Every single record below is to be reproduced exactly.

─── Supplied records ───

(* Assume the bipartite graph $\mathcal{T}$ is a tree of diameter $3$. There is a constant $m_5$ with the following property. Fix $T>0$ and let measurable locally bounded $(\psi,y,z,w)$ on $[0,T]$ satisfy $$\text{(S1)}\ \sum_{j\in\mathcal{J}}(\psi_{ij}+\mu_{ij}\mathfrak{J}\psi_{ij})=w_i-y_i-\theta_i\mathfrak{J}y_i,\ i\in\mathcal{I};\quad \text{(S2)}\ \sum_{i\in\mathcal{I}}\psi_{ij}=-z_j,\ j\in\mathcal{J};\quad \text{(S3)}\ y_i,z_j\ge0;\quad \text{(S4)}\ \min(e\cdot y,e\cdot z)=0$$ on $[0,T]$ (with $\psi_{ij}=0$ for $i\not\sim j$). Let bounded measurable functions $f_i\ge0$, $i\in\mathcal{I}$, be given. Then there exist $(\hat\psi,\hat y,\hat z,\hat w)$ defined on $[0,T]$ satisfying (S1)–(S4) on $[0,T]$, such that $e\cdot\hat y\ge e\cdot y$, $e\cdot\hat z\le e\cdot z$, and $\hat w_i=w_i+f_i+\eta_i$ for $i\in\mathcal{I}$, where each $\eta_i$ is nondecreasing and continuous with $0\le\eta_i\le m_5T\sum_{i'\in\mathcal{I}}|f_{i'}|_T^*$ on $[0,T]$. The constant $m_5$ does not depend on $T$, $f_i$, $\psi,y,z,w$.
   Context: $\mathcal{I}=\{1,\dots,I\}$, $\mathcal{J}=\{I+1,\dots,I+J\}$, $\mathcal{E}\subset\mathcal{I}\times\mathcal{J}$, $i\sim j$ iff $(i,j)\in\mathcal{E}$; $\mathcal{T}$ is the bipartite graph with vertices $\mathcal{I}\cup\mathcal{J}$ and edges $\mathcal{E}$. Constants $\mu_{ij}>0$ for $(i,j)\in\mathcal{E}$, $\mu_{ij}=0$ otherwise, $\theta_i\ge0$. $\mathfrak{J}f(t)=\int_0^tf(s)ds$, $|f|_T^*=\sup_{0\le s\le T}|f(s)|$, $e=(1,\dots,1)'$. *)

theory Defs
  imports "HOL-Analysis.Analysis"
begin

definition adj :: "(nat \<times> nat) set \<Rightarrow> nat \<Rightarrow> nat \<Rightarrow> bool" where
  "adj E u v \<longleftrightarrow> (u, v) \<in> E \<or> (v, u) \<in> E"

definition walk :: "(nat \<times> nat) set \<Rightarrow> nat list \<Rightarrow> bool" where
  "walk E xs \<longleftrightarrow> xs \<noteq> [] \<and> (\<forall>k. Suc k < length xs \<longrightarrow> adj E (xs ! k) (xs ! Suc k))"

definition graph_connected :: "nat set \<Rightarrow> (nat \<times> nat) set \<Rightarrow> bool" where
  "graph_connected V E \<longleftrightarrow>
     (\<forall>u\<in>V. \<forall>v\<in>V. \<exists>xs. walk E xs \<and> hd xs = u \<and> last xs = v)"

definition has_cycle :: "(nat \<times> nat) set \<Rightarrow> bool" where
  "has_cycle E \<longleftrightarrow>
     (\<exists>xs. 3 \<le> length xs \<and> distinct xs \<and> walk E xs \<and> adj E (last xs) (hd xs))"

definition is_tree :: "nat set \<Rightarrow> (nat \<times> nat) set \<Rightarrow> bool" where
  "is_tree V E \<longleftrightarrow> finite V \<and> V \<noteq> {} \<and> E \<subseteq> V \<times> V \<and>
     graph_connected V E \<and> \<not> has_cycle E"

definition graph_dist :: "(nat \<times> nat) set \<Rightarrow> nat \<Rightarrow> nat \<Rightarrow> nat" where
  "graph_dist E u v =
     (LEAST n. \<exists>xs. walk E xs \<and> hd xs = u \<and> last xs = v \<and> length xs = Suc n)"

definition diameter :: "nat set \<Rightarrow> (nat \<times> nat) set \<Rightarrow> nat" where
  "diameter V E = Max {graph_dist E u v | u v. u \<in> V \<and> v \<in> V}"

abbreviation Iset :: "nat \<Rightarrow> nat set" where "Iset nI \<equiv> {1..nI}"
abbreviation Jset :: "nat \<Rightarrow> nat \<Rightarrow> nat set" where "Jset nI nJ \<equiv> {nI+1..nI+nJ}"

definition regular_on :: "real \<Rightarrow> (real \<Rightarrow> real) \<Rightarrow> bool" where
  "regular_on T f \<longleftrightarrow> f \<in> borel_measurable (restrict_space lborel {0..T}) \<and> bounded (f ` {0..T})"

───

- [Response for this exercise]:
(* Assume the bipartite graph $\mathcal{T}$ is a tree of diameter $3$. There is a constant $m_5$ with the following property. Fix $T>0$ and let measurable locally bounded $(\psi,y,z,w)$ on $[0,T]$ satisfy $$\text{(S1)}\ \sum_{j\in\mathcal{J}}(\psi_{ij}+\mu_{ij}\mathfrak{J}\psi_{ij})=w_i-y_i-\theta_i\mathfrak{J}y_i,\ i\in\mathcal{I};\quad \text{(S2)}\ \sum_{i\in\mathcal{I}}\psi_{ij}=-z_j,\ j\in\mathcal{J};\quad \text{(S3)}\ y_i,z_j\ge0;\quad \text{(S4)}\ \min(e\cdot y,e\cdot z)=0$$ on $[0,T]$ (with $\psi_{ij}=0$ for $i\not\sim j$). Let bounded measurable functions $f_i\ge0$, $i\in\mathcal{I}$, be given. Then there exist $(\hat\psi,\hat y,\hat z,\hat w)$ defined on $[0,T]$ satisfying (S1)–(S4) on $[0,T]$, such that $e\cdot\hat y\ge e\cdot y$, $e\cdot\hat z\le e\cdot z$, and $\hat w_i=w_i+f_i+\eta_i$ for $i\in\mathcal{I}$, where each $\eta_i$ is nondecreasing and continuous with $0\le\eta_i\le m_5T\sum_{i'\in\mathcal{I}}|f_{i'}|_T^*$ on $[0,T]$. The constant $m_5$ does not depend on $T$, $f_i$, $\psi,y,z,w$.
   Context: $\mathcal{I}=\{1,\dots,I\}$, $\mathcal{J}=\{I+1,\dots,I+J\}$, $\mathcal{E}\subset\mathcal{I}\times\mathcal{J}$, $i\sim j$ iff $(i,j)\in\mathcal{E}$; $\mathcal{T}$ is the bipartite graph with vertices $\mathcal{I}\cup\mathcal{J}$ and edges $\mathcal{E}$. Constants $\mu_{ij}>0$ for $(i,j)\in\mathcal{E}$, $\mu_{ij}=0$ otherwise, $\theta_i\ge0$. $\mathfrak{J}f(t)=\int_0^tf(s)ds$, $|f|_T^*=\sup_{0\le s\le T}|f(s)|$, $e=(1,\dots,1)'$. *)

theory Defs
  imports "HOL-Analysis.Analysis"
begin

definition adj :: "(nat \<times> nat) set \<Rightarrow> nat \<Rightarrow> nat \<Rightarrow> bool" where
  "adj E u v \<longleftrightarrow> (u, v) \<in> E \<or> (v, u) \<in> E"

definition walk :: "(nat \<times> nat) set \<Rightarrow> nat list \<Rightarrow> bool" where
  "walk E xs \<longleftrightarrow> xs \<noteq> [] \<and> (\<forall>k. Suc k < length xs \<longrightarrow> adj E (xs ! k) (xs ! Suc k))"

definition graph_connected :: "nat set \<Rightarrow> (nat \<times> nat) set \<Rightarrow> bool" where
  "graph_connected V E \<longleftrightarrow>
     (\<forall>u\<in>V. \<forall>v\<in>V. \<exists>xs. walk E xs \<and> hd xs = u \<and> last xs = v)"

definition has_cycle :: "(nat \<times> nat) set \<Rightarrow> bool" where
  "has_cycle E \<longleftrightarrow>
     (\<exists>xs. 3 \<le> length xs \<and> distinct xs \<and> walk E xs \<and> adj E (last xs) (hd xs))"

definition is_tree :: "nat set \<Rightarrow> (nat \<times> nat) set \<Rightarrow> bool" where
  "is_tree V E \<longleftrightarrow> finite V \<and> V \<noteq> {} \<and> E \<subseteq> V \<times> V \<and>
     graph_connected V E \<and> \<not> has_cycle E"

definition graph_dist :: "(nat \<times> nat) set \<Rightarrow> nat \<Rightarrow> nat \<Rightarrow> nat" where
  "graph_dist E u v =
     (LEAST n. \<exists>xs. walk E xs \<and> hd xs = u \<and> last xs = v \<and> length xs = Suc n)"

definition diameter :: "nat set \<Rightarrow> (nat \<times> nat) set \<Rightarrow> nat" where
  "diameter V E = Max {graph_dist E u v | u v. u \<in> V \<and> v \<in> V}"

abbreviation Iset :: "nat \<Rightarrow> nat set" where "Iset nI \<equiv> {1..nI}"
abbreviation Jset :: "nat \<Rightarrow> nat \<Rightarrow> nat set" where "Jset nI nJ \<equiv> {nI+1..nI+nJ}"

definition regular_on :: "real \<Rightarrow> (real \<Rightarrow> real) \<Rightarrow> bool" where
  "regular_on T f \<longleftrightarrow> f \<in> borel_measurable (restrict_space lborel {0..T}) \<and> bounded (f ` {0..T})"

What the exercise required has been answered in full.